飽きっぽい、長続きしない、そうした中途半端な気分になるような感じをもっていた。
だが、こうした留吉の人生にも、大きな転換期がきた。それはある雑誌を読んで、
彼が自分の名前について、大変な考えちがいをしていたと悟った時からだ。
一、子を愛さない親はいない。親は自分に幸あれかしと念じながら名前をつけた。
二、子は親の真意をおしはかり、たとえ気にいらないような点があっても、それをよく解釈して
自覚を新たにしてゆけば、その名前のように人生を有意義にすることができる。
こうした意味のことがらがその雑誌に書かれていたのだ。留吉はなるほどと思った。
そして新しく思い直した。トメは仕事を中途でやめるのではなく、わがままはここで止めという
意味なのだ。わがままはすべてここで止めと、そのつど思い起こして、一貫不怠、
やってやってやりぬくことだ。
このように気持ちを新たにして、「よい名前をつけてくれました」と毎朝晩、親に感謝しながら、仕事にかかるようにした。そうやっていると、飽きっぽくなるようなことはみじんもなくなり、
毎日張り切って働けるようになった。今わがままが出ているな、これを止めようと彼は
何かにつけて気づくことが多くなり、みちがえるような働き手に変わった。現在勤めている工場の係長に抜擢されることも、内定したという。

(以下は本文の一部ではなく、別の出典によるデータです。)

(* In the setting of the context, let $x_0=x_0(0)$, $x_1=x_1(0)$ and $r_0=1/x_1$. Then, for $|x|\le 1$, $$\varphi_0(x)=\frac{\pi_{0,0}}{1-r_0x},$$ and for $j=1,2,\ldots$ and $|x|\le1$, $x\neq x_0$, $$\varphi_j(x)=\frac{a_j}{x-x_1}-\frac{q\varphi_{j-1}(x_0)(x+x_0)}{\bar q(x-x_1)}-\frac{q(px+\bar p)(\bar\mu_hx+\mu_h)}{p\bar q\bar\mu_h(x-x_1)}\cdot\frac{\varphi_{j-1}(x)-\varphi_{j-1}(x_0)}{x-x_0},$$ where $$a_j=\frac{[\bar p\bar q(\mu_l-\mu_h)-\bar pq\mu_l]\pi_{0,j}-\bar p\bar q\mu_l\pi_{0,j+1}+\bar pq(\mu_l-\mu_h)\pi_{0,j-1}-q(\bar p\bar\mu_h+p\mu_h)\varphi_{j-1}(x_0)}{p\bar q\bar\mu_h}.$$ Moreover $\pi_{0,0}=\frac{1-\rho}{\bar p\bar q}$.
   Context: Fix $p,q,\mu_h,\mu_l\in(0,1)$ with $p+q+\mu_h+\mu_l=1$. For real $x$ write $\bar x=1-x$; let $\rho_h=p/\mu_h$, $\rho_l=q/\mu_l$, $\rho=\rho_h+\rho_l$, and assume $\rho<1$. Let $(Q_1(n),Q_2(n))_{n\ge0}$ be the discrete-time Markov chain on $\mathbb{Z}_{\ge0}^2$ (numbers of high- and low-priority customers in a discrete-time preemptive priority queue, early arrival system) whose one-step transition probabilities from $(i,j)$ to $(i+k,j+l)$ are as follows (unlisted transitions have probability $0$). If $i\ge1$, $j\ge0$: $(k,l)=(1,0)$: $p\bar q\bar\mu_h$; $(1,1)$: $pq\bar\mu_h$; $(0,1)$: $pq\mu_h+\bar pq\bar\mu_h$; $(-1,1)$: $\bar pq\mu_h$; $(-1,0)$: $\bar p\bar q\mu_h$; $(0,0)$: $\bar p\bar q\bar\mu_h+p\bar q\mu_h$. If $i=0$, $j\ge1$: $(1,0)$: $p\bar q\bar\mu_h$; $(1,1)$: $pq\bar\mu_h$; $(0,1)$: $pq\mu_h+\bar pq\bar\mu_l$; $(0,-1)$: $\bar p\bar q\mu_l$; $(0,0)$: $\bar p\bar q\bar\mu_l+p\bar q\mu_h+\bar pq\mu_l$. If $(i,j)=(0,0)$: $(1,0)$: $p\bar q\bar\mu_h$; $(1,1)$: $pq\bar\mu_h$; $(0,1)$: $pq\mu_h+\bar pq\bar\mu_l$; $(0,0)$: $\bar p\bar q+p\bar q\mu_h+\bar pq\mu_l$. Let $(\pi_{i,j})_{i,j\ge0}$ be its stationary distribution, and let $\varphi_j(x)=\sum_{i\ge0}\pi_{i,j}x^i$ for $j\ge0$. Define $\Delta(y)=(p\mu_h-\bar p\bar\mu_h)^2(qy+\bar q)^2-2(p\mu_h+\bar p\bar\mu_h)(qy+\bar q)+1$, and $x_0(y)=\frac{1-(p\mu_h+\bar p\bar\mu_h)(qy+\bar q)-\sqrt{\Delta(y)}}{2p\bar\mu_h(qy+\bar q)}$, $x_1(y)=\frac{1-(p\mu_h+\bar p\bar\mu_h)(qy+\bar q)+\sqrt{\Delta(y)}}{2p\bar\mu_h(qy+\bar q)}$, where the square root is the positive one for real $y$ with $\Delta(y)>0$ (in particular at $y=0$). *)

theory Defs
  imports "HOL-Analysis.Analysis"
begin

text \<open>One-step transition probability of the discrete-time preemptive priority queue
  (early arrival system) from state (i,j) to state (i',j').
  Parameters: p, q arrival probabilities, mh, ml service probabilities.\<close>

definition prio_trans :: "real \<Rightarrow> real \<Rightarrow> real \<Rightarrow> real \<Rightarrow> nat \<times> nat \<Rightarrow> nat \<times> nat \<Rightarrow> real" where
  "prio_trans p q mh ml s t =
    (let i = fst s; j = snd s;
         k = int (fst t) - int i; l = int (snd t) - int j;
         pb = 1 - p; qb = 1 - q; mhb = 1 - mh; mlb = 1 - ml in
     if i \<ge> 1 then
       (if (k, l) = (1, 0) then p * qb * mhb
        else if (k, l) = (1, 1) then p * q * mhb
        else if (k, l) = (0, 1) then p * q * mh + pb * q * mhb
        else if (k, l) = (-1, 1) then pb * q * mh
        else if (k, l) = (-1, 0) then pb * qb * mh
        else if (k, l) = (0, 0) then pb * qb * mhb + p * qb * mh
        else 0)
     else if j \<ge> 1 then
       (if (k, l) = (1, 0) then p * qb * mhb
        else if (k, l) = (1, 1) then p * q * mhb
        else if (k, l) = (0, 1) then p * q * mh + pb * q * mlb
        else if (k, l) = (0, -1) then pb * qb * ml
        else if (k, l) = (0, 0) then pb * qb * mlb + p * qb * mh + pb * q * ml
        else 0)
     else
       (if (k, l) = (1, 0) then p * qb * mhb
        else if (k, l) = (1, 1) then p * q * mhb
        else if (k, l) = (0, 1) then p * q * mh + pb * q * mlb
        else if (k, l) = (0, 0) then pb * qb + p * qb * mh + pb * q * ml
        else 0))"
(* Let $n\ge 1$ and $0\le p\le n-1$. The set $\mathcal{D}_p$ of permutations of $[n]$ at distance exactly $p$ from the identity (i.e., obtainable from $12\cdots n$ by $p$ right-jumps but not by fewer) is exactly the set of permutations of $[n]$ having exactly $p$ non-left-to-right-maxima. Consequently, the number $d_{n,p}$ of such permutations equals the signless Stirling number of the first kind $s(n,n-p)$ (the number of permutations of $[n]$ with exactly $n-p$ cycles), and $$d_{n,p}=\sum_{0\le j\le h\le p}(-1)^j\binom{h}{j}\binom{n-1+h}{p+h}\binom{n+p}{p-h}\frac{(j-h)^{p+h}}{h!}.$$
   Context: Permutations of $[n]=\{1,\dots,n\}$ are written as words $\sigma=\sigma_1\sigma_2\cdots\sigma_n$. A right-jump transforms $\sigma$ into $\sigma_1\cdots\sigma_{i-1}\sigma_{i+1}\cdots\sigma_j\sigma_i\sigma_{j+1}\cdots\sigma_n$ for some $1\le i<j\le n$. A left-to-right maximum of $\sigma$ is an entry $\sigma_i$ such that $\sigma_k<\sigma_i$ for all $k<i$; every other entry is called a non-left-to-right-maximum. *)

theory Defs
  imports Complex_Main "HOL-Combinatorics.Stirling" "HOL-Combinatorics.Multiset_Permutations"
begin

text \<open>Permutations of [n] are words: lists xs with distinct xs and set xs = {1..n}
  (library: permutations_of_set {1..n}).  Positions are 0-indexed.\<close>

text \<open>Right-jump at (0-indexed) positions i < j: the entry at position i is removed
  and reinserted directly after the entry originally at position j.\<close>
definition right_jump :: "'a list \<Rightarrow> nat \<Rightarrow> nat \<Rightarrow> 'a list" where
  "right_jump xs i j = take i xs @ take (j - i) (drop (Suc i) xs) @ [xs ! i] @ drop (Suc j) xs"

definition rj_step :: "'a list \<Rightarrow> 'a list \<Rightarrow> bool" where
  "rj_step xs ys \<longleftrightarrow> (\<exists>i j. i < j \<and> j < length xs \<and> ys = right_jump xs i j)"

definition id_perm :: "nat \<Rightarrow> nat list" where
  "id_perm n = [1..<Suc n]"

definition D :: "nat \<Rightarrow> nat \<Rightarrow> nat list set" where
  "D n p = {\<sigma> \<in> permutations_of_set {1..n}.
              (rj_step ^^ p) (id_perm n) \<sigma> \<and> (\<forall>k<p. \<not> (rj_step ^^ k) (id_perm n) \<sigma>)}"
theorem theorem5p1:
  fixes d :: nat and r n :: "nat \<Rightarrow> int" and k :: "nat \<Rightarrow> nat \<Rightarrow> int"
  assumes "d \<ge> 2"
    and "\<forall>i\<in>{1..d}. r i \<ge> 0"
    and "(\<Sum>i=1..d. r i) \<ge> 1"
    and "\<forall>i\<in>{1..d}. \<forall>j\<in>{1..d}. i \<noteq> j \<longrightarrow> k i j \<ge> 0"
    and "\<forall>j\<in>{1..d}. - k j j = r j + (\<Sum>i\<in>{1..d} - {j}. k i j)"
    and "\<forall>i\<in>{1..d}. n i \<ge> - k i i"
    and "\<forall>i\<in>{1..d}. - k i i > 0"
  shows "real (card (forest_class d n r k)) =
    real_of_int (det (mat d d (\<lambda>(i, j). - k (i + 1) (j + 1))))
      / (\<Prod>i=1..d. real_of_int (n i))
      * (\<Prod>i=1..d. \<Prod>j=1..d.
           (let kk = (if i = j then n i + k i i else k i j)
            in real (nat (n i + kk - 1) choose nat kk)))"
proof -
  note r = assms(2) and k = assms(4) and kdiag = assms(5) and n = assms(6)
  have n_pos: "\<forall>i\<in>{1..d}. n i > 0"
    using assms(6,7) by fastforce
  let ?\<tau> = "type_word d (\<lambda>i. nat (r i))" and ?n = "\<lambda>i. nat (n i)" and ?E = "edge_counts n k"
  have "forest_count_formula d ?\<tau> ?n ?E"
    using set_type_word balanced_edge_counts [OF r k kdiag n n_pos] by (rule forest_count_formula_if_balanced)
  then have "int (card (forest_class d n r k)) * (\<Prod>i=1..d. n i)
      = det (mat d d (\<lambda>(i, j). - k (i + 1) (j + 1))) * int (multichoose_product d ?n ?E)"
    by (simp add: forest_count_formula_def forest_class_eq_rooted_forests [OF r k kdiag n n_pos]
        forest_matrix_edge_counts [OF k n n_pos] vertex_product_nat [OF n_pos])
  then have "real_of_int (int (card (forest_class d n r k)) * (\<Prod>i=1..d. n i))
      = real_of_int (det (mat d d (\<lambda>(i, j). - k (i + 1) (j + 1))) * int (multichoose_product d ?n ?E))"
    by (rule arg_cong)
  then have "real (card (forest_class d n r k)) * (\<Prod>i=1..d. real_of_int (n i))
      = real_of_int (det (mat d d (\<lambda>(i, j). - k (i + 1) (j + 1)))) * real (multichoose_product d ?n ?E)"
    by (simp only: of_int_mult of_int_of_nat_eq of_int_prod)
  moreover have "(\<Prod>i=1..d. real_of_int (n i)) \<noteq> 0"
    using n_pos by (auto simp: prod_zero_iff dest: less_imp_neq)
  ultimately show ?thesis
    unfolding multichoose_product_edge_counts [OF k n n_pos, symmetric]
    by (simp add: eq_divide_eq)
qed

end
lemma length_relabel [simp]: "length (relabel \<sigma> \<psi>) = length \<psi>"
  by (simp add: relabel_def)

lemma nth_relabel [simp]: "t < length \<psi> \<Longrightarrow> relabel \<sigma> \<psi> ! t = \<sigma> t (\<psi> ! t)"
  by (simp add: relabel_def)

lemma relabel_eq_Nil_iff [simp]: "relabel \<sigma> \<psi> = [] \<longleftrightarrow> \<psi> = []"
  by (simp add: relabel_def)

lemma hd_relabel: "\<psi> \<noteq> [] \<Longrightarrow> hd (relabel \<sigma> \<psi>) = \<sigma> 0 (hd \<psi>)"
  by (simp add: hd_conv_nth)

lemma last_relabel: "\<psi> \<noteq> [] \<Longrightarrow> last (relabel \<sigma> \<psi>) = \<sigma> (length \<psi> - 1) (last \<psi>)"
  by (simp add: last_conv_nth)

context coherent_labelling
begin

definition label_lists :: "nat list set" where
  "label_lists = {\<psi>. length \<psi> = length K \<and> set \<psi> \<subseteq> {0..<m}}"

lemma label_lists_nth:
  assumes "\<psi> \<in> label_lists" "t < length K"
  shows "\<psi> ! t < m"
proof -
  have "\<psi> ! t \<in> set \<psi>"
    using assms by (simp add: label_lists_def)
  then show ?thesis
    using assms(1) by (auto simp: label_lists_def)
qed

lemma label_in: "t < length K \<Longrightarrow> i < m \<Longrightarrow> \<sigma> t i \<in> K ! t"
  using bij_betw_label[of t] by (auto simp: bij_betw_def)
lemma rtrancl_component_image_eq_if_meets:
  assumes "sym R" and hom: "\<And>u w. (u, w) \<in> R \<Longrightarrow> (h u, h w) \<in> R"
    and "h ` V \<subseteq> V" and inv: "\<And>v. h (h v) = v"
    and C: "C = {w \<in> V. (v0, w) \<in> R\<^sup>*}" and "x \<in> C" and "h x \<in> C"
  shows "h ` C = C"
proof (rule image_eq_if_involution[OF inv])
  have hom_rtrancl: "(h u, h w) \<in> R\<^sup>*" if "(u, w) \<in> R\<^sup>*" for u w
    using that
  proof (induction rule: rtrancl_induct)
    case (step y z)
    then show ?case using hom by (blast intro: rtrancl_into_rtrancl)
  qed simp
  have mem_C: "w \<in> C \<longleftrightarrow> w \<in> V \<and> (v0, w) \<in> R\<^sup>*" for w
    using C by blast
  have sym_rtrancl_R: "(w, u) \<in> R\<^sup>*" if "(u, w) \<in> R\<^sup>*" for u w
    using sym_rtrancl[OF \<open>sym R\<close>] that by (rule symD)
  have "(v0, x) \<in> R\<^sup>*" "(v0, h x) \<in> R\<^sup>*"
    using \<open>x \<in> C\<close> \<open>h x \<in> C\<close> unfolding mem_C by simp_all
  then have "(v0, h v0) \<in> R\<^sup>*"
    by (metis rtrancl_trans sym_rtrancl_R hom_rtrancl)
  show "h ` C \<subseteq> C"
  proof
    fix y assume "y \<in> h ` C"
    then obtain w where "w \<in> V" "(v0, w) \<in> R\<^sup>*" "y = h w"
      using mem_C by blast
    then show "y \<in> C"
      unfolding mem_C using \<open>(v0, h v0) \<in> R\<^sup>*\<close> \<open>h ` V \<subseteq> V\<close>
      by (blast intro: rtrancl_trans hom_rtrancl)
  qed
qed

lemma connected_components_of_image_eq_if_meets:
  assumes C: "C \<in> connected_components_of X" and f: "continuous_map X X f"
    and inv: "\<And>x. f (f x) = x" and "x \<in> C" and "f x \<in> C"
  shows "f ` C = C"
proof (rule image_eq_if_involution[OF inv])
  have "connectedin X (f ` C)"
    using connectedin_continuous_map_image[OF f connectedin_connected_components_of[OF C]] .
  moreover have "\<not> disjnt C (f ` C)"
    using \<open>x \<in> C\<close> \<open>f x \<in> C\<close> by (auto simp: disjnt_def)
  ultimately show "f ` C \<subseteq> C"
    by (rule connected_components_of_maximal[OF C])
qed
lemma subset_star_idprod_list:
  assumes "\<And>A. A \<in> set As \<Longrightarrow> frac_ideal D A \<and> A \<subseteq> D \<and> I \<subseteq> A"
    and "pairwise_list (star_comaximal D st) As" and "I \<subseteq> D"
  shows "I \<subseteq> st (idprod_list D As)"
  using assms(1,2)
proof (induction As)
  case Nil
  then show ?case
    using assms(3) by (simp add: idprod_list_Nil star_D)
next
  case (Cons A As)
  have A: "frac_ideal D A" "A \<subseteq> D" "I \<subseteq> A"
    using Cons.prems(1) by auto
  have As: "frac_ideal D (idprod_list D As)" "idprod_list D As \<subseteq> D"
    using Cons.prems(1) by (simp_all add: frac_ideal_idprod_list idprod_list_integral)
  have pw: "\<forall>B\<in>set As. star_comaximal D st A B" "pairwise_list (star_comaximal D st) As"
    using Cons.prems(2) by (simp_all add: pairwise_list_Cons[OF symp_star_comaximal])
  have "star_comaximal D st A (idprod_list D As)"
    using Cons.prems(1) pw(1) by (intro star_comaximal_idprod_list[OF A(1,2)]) simp
  then have comax: "star_comaximal D st A (st (idprod_list D As))"
    unfolding star_comaximal_def by (simp add: star_idsum_star_right A(1) As(1))
  have "I \<subseteq> A \<inter> st (idprod_list D As)"
    using Cons.IH Cons.prems(1) pw(2) A(3) by simp
  also have "\<dots> \<subseteq> st (idprod A (st (idprod_list D As)))"
    by (rule Int_subset_star_idprod[OF A(1,2) star_frac_ideal[OF As(1)] star_integral[OF As] comax])
  also have "\<dots> = st (idprod_list D (A # As))"
    by (simp add: star_idprod_star_right A(1) As(1) idprod_list_Cons)
  finally show ?case .
qed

ここではっきり知っておきたいのは、名前を変えればよくなるといったような安易な考えで
それを実行しても、本当のところは無意味であるということだ。
大切なのは、あくまでも本人の自覚と努力である。自分の名前に対して親の愛情を思って感謝し、名前の中に建設的な意義を見出だしてこれを自覚し、そのように努力すると、
そこから自分の人生はそのとおりに切り開かれてくる。そこに親子の愛と敬とのつながりが、
大きな力となって生きてくる。
二郎とか三郎とかの二、三は、ただ順序を示すだけで何の意味もないという。
一応はそうだといえよう。しかし順序が示されてあるとは、すばらしいことではないか。
その順序を重んじて、それにふさわしく立派に生きようとつとめるところに、
見事な人生が開かれるのではないか。
肝心なのは、たとえどのような名前であろうと、そこに親の愛情を見出だして自覚を新たに、
意義のある人生を築こうと努力することである。
自分の名前から、明るさ、楽しさ、美しさ、面白さ、強さ、柔らかさなど、建設的なものを
見出だすことができればすばらしい。その人の人生は、そのとおりに輝かしいものとなる。